Records contained in a dataset:
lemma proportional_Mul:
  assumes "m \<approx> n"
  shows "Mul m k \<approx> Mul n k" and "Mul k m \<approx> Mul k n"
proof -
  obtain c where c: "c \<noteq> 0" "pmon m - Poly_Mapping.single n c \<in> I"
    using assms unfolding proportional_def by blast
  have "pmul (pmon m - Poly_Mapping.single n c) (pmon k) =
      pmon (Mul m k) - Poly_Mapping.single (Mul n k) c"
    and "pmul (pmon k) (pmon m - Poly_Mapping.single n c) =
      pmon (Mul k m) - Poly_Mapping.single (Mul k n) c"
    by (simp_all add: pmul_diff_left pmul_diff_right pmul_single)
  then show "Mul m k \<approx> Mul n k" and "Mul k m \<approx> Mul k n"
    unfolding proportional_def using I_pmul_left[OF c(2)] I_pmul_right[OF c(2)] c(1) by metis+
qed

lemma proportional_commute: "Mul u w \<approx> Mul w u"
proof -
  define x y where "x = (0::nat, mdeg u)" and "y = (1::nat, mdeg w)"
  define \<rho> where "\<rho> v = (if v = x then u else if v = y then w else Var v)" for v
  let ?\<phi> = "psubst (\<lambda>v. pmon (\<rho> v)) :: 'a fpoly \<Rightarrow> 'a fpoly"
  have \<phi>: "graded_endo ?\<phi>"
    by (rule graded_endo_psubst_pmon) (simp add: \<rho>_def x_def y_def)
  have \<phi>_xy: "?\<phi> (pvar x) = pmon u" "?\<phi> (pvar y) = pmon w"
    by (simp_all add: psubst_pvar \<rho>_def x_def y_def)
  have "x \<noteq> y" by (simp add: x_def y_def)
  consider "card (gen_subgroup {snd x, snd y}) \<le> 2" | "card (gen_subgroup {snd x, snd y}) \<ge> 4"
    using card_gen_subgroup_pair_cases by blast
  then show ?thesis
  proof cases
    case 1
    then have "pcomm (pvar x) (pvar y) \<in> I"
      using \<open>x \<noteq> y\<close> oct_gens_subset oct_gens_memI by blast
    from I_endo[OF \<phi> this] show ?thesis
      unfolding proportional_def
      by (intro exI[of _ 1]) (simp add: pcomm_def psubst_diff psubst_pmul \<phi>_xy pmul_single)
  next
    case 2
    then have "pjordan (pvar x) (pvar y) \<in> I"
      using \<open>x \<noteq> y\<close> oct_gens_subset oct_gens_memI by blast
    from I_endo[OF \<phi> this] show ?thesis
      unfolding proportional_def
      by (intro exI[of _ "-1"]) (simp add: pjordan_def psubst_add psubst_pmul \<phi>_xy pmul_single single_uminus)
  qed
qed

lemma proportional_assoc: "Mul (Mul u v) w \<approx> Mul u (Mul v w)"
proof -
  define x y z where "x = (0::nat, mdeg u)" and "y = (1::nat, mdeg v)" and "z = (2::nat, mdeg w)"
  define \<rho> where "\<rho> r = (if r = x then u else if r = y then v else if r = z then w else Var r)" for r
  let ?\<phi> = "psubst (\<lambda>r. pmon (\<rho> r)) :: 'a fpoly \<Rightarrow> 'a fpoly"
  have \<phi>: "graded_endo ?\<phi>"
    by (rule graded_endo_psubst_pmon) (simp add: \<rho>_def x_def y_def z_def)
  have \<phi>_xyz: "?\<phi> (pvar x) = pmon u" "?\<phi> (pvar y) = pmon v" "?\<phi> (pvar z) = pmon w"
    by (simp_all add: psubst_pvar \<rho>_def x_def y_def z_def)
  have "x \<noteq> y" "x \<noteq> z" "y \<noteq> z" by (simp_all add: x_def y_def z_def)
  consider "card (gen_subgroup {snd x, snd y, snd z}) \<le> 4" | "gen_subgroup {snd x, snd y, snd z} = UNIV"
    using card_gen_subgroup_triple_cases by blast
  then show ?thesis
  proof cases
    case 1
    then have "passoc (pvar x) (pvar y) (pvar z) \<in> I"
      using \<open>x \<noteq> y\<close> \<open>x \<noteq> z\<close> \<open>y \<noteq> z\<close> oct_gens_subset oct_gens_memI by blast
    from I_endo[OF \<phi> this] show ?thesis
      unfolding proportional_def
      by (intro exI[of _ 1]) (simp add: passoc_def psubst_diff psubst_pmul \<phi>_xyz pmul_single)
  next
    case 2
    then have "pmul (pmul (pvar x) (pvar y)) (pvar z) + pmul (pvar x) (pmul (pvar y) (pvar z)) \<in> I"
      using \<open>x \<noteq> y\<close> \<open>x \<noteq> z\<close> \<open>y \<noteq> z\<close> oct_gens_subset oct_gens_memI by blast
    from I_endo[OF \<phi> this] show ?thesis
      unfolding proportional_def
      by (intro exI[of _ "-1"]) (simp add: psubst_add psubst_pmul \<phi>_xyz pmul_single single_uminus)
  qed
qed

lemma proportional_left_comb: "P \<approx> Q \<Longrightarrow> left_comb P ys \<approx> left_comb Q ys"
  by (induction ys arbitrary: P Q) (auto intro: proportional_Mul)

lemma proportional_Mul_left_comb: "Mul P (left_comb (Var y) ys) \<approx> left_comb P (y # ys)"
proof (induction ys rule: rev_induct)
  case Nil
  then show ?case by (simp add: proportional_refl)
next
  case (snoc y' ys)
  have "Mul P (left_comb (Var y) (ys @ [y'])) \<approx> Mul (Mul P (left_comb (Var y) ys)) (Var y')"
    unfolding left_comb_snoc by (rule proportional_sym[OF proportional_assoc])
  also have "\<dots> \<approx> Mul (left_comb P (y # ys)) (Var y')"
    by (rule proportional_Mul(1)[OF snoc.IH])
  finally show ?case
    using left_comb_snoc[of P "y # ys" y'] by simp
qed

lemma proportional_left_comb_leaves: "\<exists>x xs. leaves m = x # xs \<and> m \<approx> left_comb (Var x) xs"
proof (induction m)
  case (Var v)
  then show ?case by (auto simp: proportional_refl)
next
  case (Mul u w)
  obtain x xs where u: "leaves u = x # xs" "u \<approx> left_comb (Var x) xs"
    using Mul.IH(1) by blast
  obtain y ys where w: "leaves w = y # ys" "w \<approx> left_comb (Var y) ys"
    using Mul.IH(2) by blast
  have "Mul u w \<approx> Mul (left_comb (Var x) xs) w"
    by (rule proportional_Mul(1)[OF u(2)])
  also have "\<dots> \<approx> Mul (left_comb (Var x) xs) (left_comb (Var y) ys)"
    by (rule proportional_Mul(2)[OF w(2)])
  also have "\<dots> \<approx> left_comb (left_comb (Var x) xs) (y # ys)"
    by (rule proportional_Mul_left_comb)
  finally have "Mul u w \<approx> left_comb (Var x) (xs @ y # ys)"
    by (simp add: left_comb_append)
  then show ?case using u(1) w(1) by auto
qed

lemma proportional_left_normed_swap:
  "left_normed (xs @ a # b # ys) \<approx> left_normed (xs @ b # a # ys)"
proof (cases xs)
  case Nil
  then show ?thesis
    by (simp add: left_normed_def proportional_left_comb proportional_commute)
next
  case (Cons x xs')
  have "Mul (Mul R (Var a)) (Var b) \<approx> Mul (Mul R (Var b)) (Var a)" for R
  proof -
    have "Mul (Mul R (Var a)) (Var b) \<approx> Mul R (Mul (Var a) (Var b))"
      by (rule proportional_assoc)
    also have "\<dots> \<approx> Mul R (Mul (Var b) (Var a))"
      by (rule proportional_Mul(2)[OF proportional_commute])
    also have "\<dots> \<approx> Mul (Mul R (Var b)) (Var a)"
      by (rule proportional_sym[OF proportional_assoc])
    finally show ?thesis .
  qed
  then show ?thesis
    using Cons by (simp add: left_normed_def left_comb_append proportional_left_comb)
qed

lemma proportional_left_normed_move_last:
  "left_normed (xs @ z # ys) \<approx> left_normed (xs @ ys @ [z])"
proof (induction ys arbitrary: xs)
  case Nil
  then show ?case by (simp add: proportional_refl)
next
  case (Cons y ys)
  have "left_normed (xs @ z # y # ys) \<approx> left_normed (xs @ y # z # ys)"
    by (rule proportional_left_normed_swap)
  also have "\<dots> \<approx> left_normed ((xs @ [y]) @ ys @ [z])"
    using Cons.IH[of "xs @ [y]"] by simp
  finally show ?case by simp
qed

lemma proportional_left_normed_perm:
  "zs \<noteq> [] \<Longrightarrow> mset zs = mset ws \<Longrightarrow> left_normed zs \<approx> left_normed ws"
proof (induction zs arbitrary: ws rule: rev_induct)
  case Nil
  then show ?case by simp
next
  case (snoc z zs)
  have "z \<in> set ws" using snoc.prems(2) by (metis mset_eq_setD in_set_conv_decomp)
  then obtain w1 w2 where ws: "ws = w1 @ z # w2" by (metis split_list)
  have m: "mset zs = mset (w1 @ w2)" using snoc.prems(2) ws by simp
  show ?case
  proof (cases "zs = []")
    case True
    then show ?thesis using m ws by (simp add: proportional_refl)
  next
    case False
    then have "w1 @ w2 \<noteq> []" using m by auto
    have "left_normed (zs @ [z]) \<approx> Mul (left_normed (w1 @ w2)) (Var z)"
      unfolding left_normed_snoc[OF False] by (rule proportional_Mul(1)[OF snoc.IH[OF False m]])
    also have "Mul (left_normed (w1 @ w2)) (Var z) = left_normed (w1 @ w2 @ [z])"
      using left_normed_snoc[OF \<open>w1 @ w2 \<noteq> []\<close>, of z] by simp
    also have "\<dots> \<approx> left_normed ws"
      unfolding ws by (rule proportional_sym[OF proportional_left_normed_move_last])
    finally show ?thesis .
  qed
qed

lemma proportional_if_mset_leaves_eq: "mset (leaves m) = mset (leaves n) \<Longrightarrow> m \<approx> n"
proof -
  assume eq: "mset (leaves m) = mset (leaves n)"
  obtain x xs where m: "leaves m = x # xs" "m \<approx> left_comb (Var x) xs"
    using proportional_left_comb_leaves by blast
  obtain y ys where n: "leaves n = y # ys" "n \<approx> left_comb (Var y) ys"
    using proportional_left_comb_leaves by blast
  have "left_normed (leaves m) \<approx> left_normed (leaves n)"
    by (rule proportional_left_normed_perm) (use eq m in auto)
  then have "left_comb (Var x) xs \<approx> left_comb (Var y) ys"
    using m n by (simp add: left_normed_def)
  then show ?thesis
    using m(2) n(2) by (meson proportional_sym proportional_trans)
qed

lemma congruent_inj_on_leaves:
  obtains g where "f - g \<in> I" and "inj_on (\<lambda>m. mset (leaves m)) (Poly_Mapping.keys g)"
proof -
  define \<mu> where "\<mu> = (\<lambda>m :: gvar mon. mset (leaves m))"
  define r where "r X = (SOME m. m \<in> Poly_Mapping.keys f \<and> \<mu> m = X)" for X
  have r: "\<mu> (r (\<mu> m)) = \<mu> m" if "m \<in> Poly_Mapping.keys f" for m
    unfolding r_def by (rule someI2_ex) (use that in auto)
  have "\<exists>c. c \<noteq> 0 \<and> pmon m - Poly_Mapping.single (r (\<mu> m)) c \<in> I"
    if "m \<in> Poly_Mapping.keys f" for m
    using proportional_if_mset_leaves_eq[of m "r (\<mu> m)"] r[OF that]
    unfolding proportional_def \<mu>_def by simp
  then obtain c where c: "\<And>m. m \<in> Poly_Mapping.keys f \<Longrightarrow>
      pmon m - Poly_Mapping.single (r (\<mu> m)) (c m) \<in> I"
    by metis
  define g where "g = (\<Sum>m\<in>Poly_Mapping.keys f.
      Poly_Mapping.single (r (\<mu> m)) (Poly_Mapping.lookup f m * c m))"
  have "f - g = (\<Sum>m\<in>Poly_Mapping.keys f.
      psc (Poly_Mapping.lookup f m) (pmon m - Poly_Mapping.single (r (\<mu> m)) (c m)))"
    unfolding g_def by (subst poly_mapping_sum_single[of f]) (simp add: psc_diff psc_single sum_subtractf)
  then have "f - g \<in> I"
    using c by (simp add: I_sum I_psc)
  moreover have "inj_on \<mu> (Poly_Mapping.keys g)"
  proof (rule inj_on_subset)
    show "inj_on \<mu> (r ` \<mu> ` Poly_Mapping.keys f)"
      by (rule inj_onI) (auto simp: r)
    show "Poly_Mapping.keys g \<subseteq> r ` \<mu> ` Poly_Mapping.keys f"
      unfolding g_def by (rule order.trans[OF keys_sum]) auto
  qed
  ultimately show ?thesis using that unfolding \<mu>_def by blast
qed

---

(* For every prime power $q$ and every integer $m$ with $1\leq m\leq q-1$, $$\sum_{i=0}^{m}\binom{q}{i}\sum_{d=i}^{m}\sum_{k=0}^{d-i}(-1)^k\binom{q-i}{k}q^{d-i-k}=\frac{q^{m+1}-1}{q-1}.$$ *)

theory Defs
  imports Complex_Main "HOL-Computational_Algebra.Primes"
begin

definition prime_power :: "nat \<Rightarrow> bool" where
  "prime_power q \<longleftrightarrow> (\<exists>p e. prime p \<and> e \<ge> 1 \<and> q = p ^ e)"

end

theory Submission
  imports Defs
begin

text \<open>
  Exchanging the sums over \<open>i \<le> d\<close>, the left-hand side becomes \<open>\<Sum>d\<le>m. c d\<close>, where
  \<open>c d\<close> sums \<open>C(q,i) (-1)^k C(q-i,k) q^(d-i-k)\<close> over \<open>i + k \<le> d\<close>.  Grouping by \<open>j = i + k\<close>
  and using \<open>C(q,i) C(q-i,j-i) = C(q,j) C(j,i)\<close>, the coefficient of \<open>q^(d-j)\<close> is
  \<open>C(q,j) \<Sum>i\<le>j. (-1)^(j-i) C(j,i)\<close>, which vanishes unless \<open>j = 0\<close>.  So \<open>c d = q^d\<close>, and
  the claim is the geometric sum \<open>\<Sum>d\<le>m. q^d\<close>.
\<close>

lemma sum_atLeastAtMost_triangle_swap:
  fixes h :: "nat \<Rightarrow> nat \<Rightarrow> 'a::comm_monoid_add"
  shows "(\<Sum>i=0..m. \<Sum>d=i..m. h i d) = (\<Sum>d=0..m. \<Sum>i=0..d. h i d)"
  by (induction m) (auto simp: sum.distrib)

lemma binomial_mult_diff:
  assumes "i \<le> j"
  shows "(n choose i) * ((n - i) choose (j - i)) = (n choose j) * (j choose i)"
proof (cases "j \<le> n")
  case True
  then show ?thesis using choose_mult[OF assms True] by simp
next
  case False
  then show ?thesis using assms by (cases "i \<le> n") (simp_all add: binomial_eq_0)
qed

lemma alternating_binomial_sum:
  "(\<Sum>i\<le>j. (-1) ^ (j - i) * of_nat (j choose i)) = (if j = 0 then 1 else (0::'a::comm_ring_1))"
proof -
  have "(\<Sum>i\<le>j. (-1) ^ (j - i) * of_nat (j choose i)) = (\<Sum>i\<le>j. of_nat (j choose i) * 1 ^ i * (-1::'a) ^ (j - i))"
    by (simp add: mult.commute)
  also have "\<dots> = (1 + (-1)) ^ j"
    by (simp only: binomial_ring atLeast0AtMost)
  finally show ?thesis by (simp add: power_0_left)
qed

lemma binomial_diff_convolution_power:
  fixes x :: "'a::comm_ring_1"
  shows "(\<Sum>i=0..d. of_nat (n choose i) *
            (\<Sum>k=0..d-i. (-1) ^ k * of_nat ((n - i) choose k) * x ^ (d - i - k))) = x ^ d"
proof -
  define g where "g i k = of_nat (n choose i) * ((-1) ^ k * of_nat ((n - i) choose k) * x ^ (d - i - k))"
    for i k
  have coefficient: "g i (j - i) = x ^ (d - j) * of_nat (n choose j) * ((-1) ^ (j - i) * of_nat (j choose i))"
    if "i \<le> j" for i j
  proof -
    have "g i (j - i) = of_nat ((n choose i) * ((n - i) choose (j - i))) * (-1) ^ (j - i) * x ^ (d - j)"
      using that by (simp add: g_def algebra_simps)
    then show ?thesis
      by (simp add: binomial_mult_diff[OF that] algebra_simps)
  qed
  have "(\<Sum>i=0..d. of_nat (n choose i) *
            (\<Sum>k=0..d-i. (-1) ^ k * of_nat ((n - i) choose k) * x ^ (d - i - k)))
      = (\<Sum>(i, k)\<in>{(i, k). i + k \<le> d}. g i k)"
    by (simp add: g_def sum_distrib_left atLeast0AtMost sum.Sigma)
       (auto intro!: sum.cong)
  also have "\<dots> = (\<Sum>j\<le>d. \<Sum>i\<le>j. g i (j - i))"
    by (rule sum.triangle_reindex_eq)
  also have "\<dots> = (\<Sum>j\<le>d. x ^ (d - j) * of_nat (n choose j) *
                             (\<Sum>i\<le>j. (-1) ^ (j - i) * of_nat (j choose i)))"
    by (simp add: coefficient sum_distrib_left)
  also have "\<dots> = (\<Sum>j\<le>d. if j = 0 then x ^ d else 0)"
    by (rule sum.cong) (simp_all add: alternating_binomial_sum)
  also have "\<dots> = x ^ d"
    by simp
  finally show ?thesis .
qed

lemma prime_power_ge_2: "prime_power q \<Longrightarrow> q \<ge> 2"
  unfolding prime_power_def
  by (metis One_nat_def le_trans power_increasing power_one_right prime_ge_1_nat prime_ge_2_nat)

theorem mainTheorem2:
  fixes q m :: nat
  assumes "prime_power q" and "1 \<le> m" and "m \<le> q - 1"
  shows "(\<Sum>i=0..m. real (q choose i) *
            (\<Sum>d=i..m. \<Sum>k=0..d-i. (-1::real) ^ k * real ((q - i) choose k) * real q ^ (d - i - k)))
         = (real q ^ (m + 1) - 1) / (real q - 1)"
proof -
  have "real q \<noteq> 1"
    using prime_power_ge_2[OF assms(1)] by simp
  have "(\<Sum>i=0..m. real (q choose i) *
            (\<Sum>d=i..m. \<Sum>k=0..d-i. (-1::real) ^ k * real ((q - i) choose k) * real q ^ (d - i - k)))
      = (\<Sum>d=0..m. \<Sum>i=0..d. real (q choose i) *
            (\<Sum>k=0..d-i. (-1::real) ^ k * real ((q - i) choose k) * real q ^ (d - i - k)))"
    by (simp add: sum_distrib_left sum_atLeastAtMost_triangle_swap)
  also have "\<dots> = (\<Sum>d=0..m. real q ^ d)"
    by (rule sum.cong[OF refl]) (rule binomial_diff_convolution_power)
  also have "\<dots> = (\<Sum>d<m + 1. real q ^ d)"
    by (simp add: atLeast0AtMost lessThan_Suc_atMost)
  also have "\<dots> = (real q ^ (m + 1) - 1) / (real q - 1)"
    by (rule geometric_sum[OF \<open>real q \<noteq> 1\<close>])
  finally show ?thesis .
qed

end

...

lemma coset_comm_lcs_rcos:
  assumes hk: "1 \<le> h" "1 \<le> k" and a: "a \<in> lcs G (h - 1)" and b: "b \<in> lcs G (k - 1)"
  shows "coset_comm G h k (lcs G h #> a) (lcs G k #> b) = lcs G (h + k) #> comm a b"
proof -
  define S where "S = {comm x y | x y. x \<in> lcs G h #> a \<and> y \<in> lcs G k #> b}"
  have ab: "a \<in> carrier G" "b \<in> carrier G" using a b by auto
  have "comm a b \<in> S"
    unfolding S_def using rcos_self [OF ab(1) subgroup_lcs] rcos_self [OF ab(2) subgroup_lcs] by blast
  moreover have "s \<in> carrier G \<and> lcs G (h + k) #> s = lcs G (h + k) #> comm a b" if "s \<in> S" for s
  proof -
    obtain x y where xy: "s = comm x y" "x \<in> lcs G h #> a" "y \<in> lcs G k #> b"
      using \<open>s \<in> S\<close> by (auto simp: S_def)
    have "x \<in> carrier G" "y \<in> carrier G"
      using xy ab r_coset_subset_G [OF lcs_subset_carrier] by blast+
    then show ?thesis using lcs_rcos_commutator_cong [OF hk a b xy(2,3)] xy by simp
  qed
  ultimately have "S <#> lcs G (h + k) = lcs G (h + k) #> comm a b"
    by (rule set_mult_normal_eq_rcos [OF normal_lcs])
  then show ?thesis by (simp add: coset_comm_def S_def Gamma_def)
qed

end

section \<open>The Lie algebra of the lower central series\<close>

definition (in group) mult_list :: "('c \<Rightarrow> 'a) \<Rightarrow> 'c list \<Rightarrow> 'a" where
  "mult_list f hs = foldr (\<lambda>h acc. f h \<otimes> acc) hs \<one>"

## What is required
Copy out the lines above exactly, beginning at the one that contains "proof (induction ys arbitrary: xs)" and ending at the one that contains "[] \<Longrightarrow> mset".

## Answer box
proof (induction ys arbitrary: xs)
  case Nil
  then show ?case by (simp add: proportional_refl)
next
  case (Cons y ys)
  have "left_normed (xs @ z # y # ys) \<approx> left_normed (xs @ y # z # ys)"
    by (rule proportional_left_normed_swap)
  also have "\<dots> \<approx> left_normed ((xs @ [y]) @ ys @ [z])"
    using Cons.IH[of "xs @ [y]"] by simp
  finally show ?case by simp
qed

lemma proportional_left_normed_perm:
  "zs \<noteq> [] \<Longrightarrow> mset zs = mset ws \<Longrightarrow> left_normed zs \<approx> left_normed ws"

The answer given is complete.